Data entries
(* Let $n\ge 4$, $Q=\{0,\dots,n-1\}$, and let $X_n$ be a transition semigroup of maximum cardinality among transition semigroups of minimal complete DFAs with state set $Q$, initial state $0$ and empty state $n-1$ accepting suffix-free languages. If $X_n\neq\mathbf{V}_{\mathrm{sf}}(n)$ and $X_n\neq\mathbf{W}_{\mathrm{sf}}(n)$, then $X_n$ contains no pair of conflicting transformations.
   Context: A language $L$ is suffix-free if whenever $w\in L$ and $u\in L$ with $u$ a suffix of $w$, then $u=w$. Transformations act on the right ($qt$ is the image of $q$ under $t$). The transition semigroup of a DFA is the semigroup of transformations of its state set generated by the transformations induced by its letters. For a semigroup $T$ of transformations of $Q$: an unordered pair $\{p,q\}$ of distinct states of $Q\setminus\{0,n-1\}$ is colliding in $T$ if there exist $t\in T$ and $r\in Q\setminus\{0,n-1\}$ with $0t=p$ and $rt=q$; the pair is focused by a transformation $u$ if $pu=qu=r$ for some $r\notin\{0,n-1\}$. Define $\mathbf{B}_{\mathrm{sf}}(n)=\{t:Q\to Q \mid 0\notin Qt,\ (n-1)t=n-1,\ \text{and for all } j\ge1:\ 0t^j=n-1 \text{ or } 0t^j\neq qt^j \text{ for all } 0<q<n-1\}$, $\mathbf{V}_{\mathrm{sf}}(n)=\{t\in\mathbf{B}_{\mathrm{sf}}(n)\mid \text{for all } p\neq q \text{ in } Q:\ pt=qt=n-1 \text{ or } pt\neq qt\}$, and $\mathbf{W}_{\mathrm{sf}}(n)=\{t\in\mathbf{B}_{\mathrm{sf}}(n)\mid 0t=n-1 \text{ or } qt=n-1 \text{ for all } 1\le q\le n-2\}$. Two transformations $t,t'\in\mathbf{B}_{\mathrm{sf}}(n)$ conflict if, whenever $t$ and $t'$ both belong to the transition semigroup of a DFA $\mathcal{D}$ (state set $Q$, initial state $0$), at least one of the following holds: (1) the language accepted by $\mathcal{D}$ is not suffix-free; (2) every two states from $\{1,\dots,n-2\}$ are colliding in that semigroup; (3) every two states from $\{1,\dots,n-2\}$ are focused by some transformation of that semigroup. *)

theory Defs
  imports Main
begin

text \<open>States are the natural numbers 0..n-1.  A transformation of Q = {0..<n}
  is represented canonically as a function nat => nat that maps Q into Q and
  fixes every number >= n.  Transformations act on the right: q t = t q, and
  the product "t then u" is the function composition u o t.\<close>

definition trans :: "nat \<Rightarrow> (nat \<Rightarrow> nat) set" where
  "trans n = {t. (\<forall>q<n. t q < n) \<and> (\<forall>q. n \<le> q \<longrightarrow> t q = q)}"

definition is_dfa :: "nat \<Rightarrow> nat set \<Rightarrow> (nat \<Rightarrow> nat \<Rightarrow> nat) \<Rightarrow> nat set \<Rightarrow> bool" where
  "is_dfa n Alph delta F \<longleftrightarrow> finite Alph \<and> (\<forall>a\<in>Alph. delta a \<in> trans n) \<and> F \<subseteq> {..<n}"

definition delta_word :: "(nat \<Rightarrow> nat \<Rightarrow> nat) \<Rightarrow> nat \<Rightarrow> nat list \<Rightarrow> nat" where
  "delta_word delta q w = fold (\<lambda>a p. delta a p) w q"

definition lang :: "nat set \<Rightarrow> (nat \<Rightarrow> nat \<Rightarrow> nat) \<Rightarrow> nat set \<Rightarrow> nat list set" where
  "lang Alph delta F = {w. w \<in> lists Alph \<and> delta_word delta 0 w \<in> F}"

definition suffix_free :: "'a list set \<Rightarrow> bool" where
  "suffix_free L \<longleftrightarrow> (\<forall>w\<in>L. \<forall>u\<in>L. (\<exists>v. w = v @ u) \<longrightarrow> u = w)"

definition tsg :: "nat set \<Rightarrow> (nat \<Rightarrow> nat \<Rightarrow> nat) \<Rightarrow> (nat \<Rightarrow> nat) set" where
  "tsg Alph delta = {(\<lambda>q. delta_word delta q w) | w. w \<in> lists Alph \<and> w \<noteq> []}"

definition minimal_dfa :: "nat \<Rightarrow> nat set \<Rightarrow> (nat \<Rightarrow> nat \<Rightarrow> nat) \<Rightarrow> nat set \<Rightarrow> bool" where
  "minimal_dfa n Alph delta F \<longleftrightarrow>
     (\<forall>q<n. \<exists>w\<in>lists Alph. delta_word delta 0 w = q) \<and>
     (\<forall>p<n. \<forall>q<n. p \<noteq> q \<longrightarrow>
        (\<exists>w\<in>lists Alph. (delta_word delta p w \<in> F) \<noteq> (delta_word delta q w \<in> F)))"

### THE TASK
Where the line containing "nat list \<Rightarrow>" appears, start copying, and go on exactly through the last line of the data.

### WRITTEN SOLUTION
definition delta_word :: "(nat \<Rightarrow> nat \<Rightarrow> nat) \<Rightarrow> nat \<Rightarrow> nat list \<Rightarrow> nat" where
  "delta_word delta q w = fold (\<lambda>a p. delta a p) w q"

definition lang :: "nat set \<Rightarrow> (nat \<Rightarrow> nat \<Rightarrow> nat) \<Rightarrow> nat set \<Rightarrow> nat list set" where
  "lang Alph delta F = {w. w \<in> lists Alph \<and> delta_word delta 0 w \<in> F}"

definition suffix_free :: "'a list set \<Rightarrow> bool" where
  "suffix_free L \<longleftrightarrow> (\<forall>w\<in>L. \<forall>u\<in>L. (\<exists>v. w = v @ u) \<longrightarrow> u = w)"

definition tsg :: "nat set \<Rightarrow> (nat \<Rightarrow> nat \<Rightarrow> nat) \<Rightarrow> (nat \<Rightarrow> nat) set" where
  "tsg Alph delta = {(\<lambda>q. delta_word delta q w) | w. w \<in> lists Alph \<and> w \<noteq> []}"

definition minimal_dfa :: "nat \<Rightarrow> nat set \<Rightarrow> (nat \<Rightarrow> nat \<Rightarrow> nat) \<Rightarrow> nat set \<Rightarrow> bool" where
  "minimal_dfa n Alph delta F \<longleftrightarrow>
     (\<forall>q<n. \<exists>w\<in>lists Alph. delta_word delta 0 w = q) \<and>
     (\<forall>p<n. \<forall>q<n. p \<noteq> q \<longrightarrow>
        (\<exists>w\<in>lists Alph. (delta_word delta p w \<in> F) \<noteq> (delta_word delta q w \<in> F)))"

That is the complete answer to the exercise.